%%

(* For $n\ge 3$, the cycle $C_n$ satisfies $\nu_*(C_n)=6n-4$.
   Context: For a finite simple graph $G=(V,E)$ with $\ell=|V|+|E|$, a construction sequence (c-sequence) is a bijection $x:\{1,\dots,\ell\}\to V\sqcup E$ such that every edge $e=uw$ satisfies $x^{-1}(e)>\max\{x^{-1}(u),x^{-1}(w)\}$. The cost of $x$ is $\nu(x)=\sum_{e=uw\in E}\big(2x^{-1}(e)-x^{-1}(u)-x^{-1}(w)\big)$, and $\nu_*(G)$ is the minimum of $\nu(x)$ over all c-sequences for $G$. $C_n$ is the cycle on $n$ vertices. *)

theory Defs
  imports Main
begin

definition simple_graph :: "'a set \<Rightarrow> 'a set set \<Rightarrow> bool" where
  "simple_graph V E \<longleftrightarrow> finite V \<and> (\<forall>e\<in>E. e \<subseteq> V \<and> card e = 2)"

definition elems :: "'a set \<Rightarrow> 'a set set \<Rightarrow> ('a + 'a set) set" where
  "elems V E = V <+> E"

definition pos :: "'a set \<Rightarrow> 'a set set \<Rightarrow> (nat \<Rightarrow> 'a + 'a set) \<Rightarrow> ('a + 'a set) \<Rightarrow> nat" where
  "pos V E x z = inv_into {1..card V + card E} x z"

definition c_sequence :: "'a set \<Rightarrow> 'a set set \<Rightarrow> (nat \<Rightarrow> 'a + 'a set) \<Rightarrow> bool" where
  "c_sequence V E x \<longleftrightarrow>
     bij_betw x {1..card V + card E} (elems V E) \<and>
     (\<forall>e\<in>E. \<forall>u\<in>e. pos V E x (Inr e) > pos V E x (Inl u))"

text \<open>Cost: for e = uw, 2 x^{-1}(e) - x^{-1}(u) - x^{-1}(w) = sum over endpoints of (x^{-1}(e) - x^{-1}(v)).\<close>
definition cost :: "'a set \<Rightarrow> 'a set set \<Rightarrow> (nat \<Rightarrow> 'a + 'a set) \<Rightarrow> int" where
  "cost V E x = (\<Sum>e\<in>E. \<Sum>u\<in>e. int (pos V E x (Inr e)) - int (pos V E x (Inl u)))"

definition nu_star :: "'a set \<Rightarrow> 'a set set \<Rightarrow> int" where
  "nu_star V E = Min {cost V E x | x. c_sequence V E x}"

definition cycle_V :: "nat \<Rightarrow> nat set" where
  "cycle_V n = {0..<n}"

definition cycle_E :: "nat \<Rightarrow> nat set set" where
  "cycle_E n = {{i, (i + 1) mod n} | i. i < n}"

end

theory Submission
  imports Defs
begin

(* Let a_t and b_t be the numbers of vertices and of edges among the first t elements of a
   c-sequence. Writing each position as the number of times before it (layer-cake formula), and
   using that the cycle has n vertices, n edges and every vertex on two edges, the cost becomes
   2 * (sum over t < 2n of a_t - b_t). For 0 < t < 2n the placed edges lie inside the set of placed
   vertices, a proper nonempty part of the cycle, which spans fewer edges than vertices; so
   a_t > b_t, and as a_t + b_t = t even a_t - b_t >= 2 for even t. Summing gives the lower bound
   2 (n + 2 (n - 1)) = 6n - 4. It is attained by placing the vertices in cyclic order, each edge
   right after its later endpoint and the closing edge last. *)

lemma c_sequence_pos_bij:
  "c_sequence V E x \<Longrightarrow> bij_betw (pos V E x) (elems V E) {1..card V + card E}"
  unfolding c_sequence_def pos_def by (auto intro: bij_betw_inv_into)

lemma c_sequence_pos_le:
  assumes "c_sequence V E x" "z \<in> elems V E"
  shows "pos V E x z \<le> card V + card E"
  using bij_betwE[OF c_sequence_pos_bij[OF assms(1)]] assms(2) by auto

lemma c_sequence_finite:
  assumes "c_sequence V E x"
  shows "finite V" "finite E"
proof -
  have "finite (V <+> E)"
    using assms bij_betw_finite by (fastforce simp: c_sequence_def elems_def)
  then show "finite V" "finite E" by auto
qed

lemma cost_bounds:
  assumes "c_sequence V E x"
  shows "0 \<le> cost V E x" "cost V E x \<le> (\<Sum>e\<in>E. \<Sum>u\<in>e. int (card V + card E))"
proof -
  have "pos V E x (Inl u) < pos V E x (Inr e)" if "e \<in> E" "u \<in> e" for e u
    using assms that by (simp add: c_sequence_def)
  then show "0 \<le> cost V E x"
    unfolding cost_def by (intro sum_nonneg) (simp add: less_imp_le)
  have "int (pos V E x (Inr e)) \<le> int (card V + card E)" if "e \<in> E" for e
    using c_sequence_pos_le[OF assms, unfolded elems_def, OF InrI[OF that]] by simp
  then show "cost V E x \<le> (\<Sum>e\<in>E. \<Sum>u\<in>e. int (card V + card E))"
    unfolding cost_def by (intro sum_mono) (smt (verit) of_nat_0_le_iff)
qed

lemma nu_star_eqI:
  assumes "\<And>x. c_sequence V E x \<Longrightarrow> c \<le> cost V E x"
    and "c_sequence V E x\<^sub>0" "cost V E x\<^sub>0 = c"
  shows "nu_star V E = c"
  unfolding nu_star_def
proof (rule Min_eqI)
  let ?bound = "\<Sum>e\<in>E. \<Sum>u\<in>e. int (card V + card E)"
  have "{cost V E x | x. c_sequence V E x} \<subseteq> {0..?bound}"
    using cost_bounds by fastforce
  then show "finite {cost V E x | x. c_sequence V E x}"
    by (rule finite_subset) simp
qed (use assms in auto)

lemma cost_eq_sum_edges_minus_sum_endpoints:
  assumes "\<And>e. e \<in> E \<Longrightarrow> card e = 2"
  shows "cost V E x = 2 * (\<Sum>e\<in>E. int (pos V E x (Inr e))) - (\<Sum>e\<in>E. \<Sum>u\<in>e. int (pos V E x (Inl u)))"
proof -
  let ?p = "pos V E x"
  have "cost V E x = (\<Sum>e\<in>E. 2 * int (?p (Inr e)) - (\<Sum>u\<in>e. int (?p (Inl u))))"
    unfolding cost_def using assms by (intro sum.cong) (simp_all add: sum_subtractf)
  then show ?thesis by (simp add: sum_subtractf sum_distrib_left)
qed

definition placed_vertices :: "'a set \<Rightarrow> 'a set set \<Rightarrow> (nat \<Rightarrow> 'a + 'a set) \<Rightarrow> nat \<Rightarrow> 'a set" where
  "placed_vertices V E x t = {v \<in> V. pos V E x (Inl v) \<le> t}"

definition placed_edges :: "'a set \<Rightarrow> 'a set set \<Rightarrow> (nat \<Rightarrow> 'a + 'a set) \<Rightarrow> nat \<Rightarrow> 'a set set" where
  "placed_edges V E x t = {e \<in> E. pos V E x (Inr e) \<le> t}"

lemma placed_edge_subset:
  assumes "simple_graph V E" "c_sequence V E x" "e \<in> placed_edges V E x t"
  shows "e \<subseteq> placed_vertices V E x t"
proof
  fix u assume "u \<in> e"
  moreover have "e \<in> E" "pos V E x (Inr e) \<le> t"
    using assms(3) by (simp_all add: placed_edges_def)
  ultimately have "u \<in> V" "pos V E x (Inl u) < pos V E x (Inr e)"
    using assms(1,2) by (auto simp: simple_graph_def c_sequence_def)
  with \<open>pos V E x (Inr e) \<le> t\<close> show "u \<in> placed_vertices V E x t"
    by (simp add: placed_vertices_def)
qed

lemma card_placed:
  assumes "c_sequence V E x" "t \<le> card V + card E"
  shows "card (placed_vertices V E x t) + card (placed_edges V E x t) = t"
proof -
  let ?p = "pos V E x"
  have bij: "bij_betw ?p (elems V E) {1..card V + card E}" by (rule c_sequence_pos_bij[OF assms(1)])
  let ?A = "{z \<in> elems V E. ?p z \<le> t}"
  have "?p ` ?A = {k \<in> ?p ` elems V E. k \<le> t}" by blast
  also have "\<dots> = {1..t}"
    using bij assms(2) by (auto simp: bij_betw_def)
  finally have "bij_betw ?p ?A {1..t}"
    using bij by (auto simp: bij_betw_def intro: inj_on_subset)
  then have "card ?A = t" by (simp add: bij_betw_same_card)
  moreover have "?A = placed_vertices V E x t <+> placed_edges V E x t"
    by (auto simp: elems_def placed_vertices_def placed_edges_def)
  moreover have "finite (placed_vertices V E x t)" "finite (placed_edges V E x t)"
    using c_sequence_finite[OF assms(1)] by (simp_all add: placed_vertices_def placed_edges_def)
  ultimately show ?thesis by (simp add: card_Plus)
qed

%%
%%

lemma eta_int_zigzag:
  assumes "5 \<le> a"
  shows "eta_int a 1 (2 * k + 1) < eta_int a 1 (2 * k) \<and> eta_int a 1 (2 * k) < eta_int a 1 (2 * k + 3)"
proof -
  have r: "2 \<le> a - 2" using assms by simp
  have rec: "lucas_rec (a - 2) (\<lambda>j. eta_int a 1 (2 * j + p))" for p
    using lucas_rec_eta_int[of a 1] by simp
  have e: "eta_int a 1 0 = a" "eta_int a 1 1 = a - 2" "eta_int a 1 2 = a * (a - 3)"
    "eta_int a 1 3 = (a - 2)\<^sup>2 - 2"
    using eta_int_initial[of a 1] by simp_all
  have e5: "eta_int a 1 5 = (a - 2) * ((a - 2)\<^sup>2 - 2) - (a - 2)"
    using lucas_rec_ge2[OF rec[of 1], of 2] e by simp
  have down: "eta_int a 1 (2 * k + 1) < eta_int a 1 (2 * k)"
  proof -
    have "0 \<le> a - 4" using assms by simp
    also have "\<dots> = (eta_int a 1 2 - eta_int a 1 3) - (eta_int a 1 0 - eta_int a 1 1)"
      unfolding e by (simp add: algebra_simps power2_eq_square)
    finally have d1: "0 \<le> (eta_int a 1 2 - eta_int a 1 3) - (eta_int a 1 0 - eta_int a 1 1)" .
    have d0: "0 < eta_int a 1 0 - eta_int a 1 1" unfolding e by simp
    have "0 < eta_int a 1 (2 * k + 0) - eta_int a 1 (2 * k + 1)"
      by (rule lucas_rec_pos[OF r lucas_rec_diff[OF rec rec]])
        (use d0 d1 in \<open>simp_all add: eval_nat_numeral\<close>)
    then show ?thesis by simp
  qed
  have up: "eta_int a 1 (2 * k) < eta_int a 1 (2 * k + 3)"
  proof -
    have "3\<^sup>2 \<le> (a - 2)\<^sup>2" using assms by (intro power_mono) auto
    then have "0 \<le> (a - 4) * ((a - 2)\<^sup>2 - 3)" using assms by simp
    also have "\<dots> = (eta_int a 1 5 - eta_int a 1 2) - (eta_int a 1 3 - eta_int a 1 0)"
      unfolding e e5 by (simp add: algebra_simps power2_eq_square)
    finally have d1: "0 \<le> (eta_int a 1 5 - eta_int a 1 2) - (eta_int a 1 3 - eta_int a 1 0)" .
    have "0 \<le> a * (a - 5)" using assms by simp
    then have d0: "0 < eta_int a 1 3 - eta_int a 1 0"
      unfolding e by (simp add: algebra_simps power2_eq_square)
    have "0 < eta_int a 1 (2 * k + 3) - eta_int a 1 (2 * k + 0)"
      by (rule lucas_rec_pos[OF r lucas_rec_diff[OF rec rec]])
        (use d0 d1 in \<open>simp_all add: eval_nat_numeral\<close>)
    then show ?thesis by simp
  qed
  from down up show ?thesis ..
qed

%%

In the entries above, find the line with "unfolding cost_def by (intro sum_nonneg)" and the line with "using c_sequence_pos_le[OF assms, unfolded", then set down exactly those two and every line between them, nothing else.

    unfolding cost_def by (intro sum_nonneg) (simp add: less_imp_le)
  have "int (pos V E x (Inr e)) \<le> int (card V + card E)" if "e \<in> E" for e
    using c_sequence_pos_le[OF assms, unfolded elems_def, OF InrI[OF that]] by simp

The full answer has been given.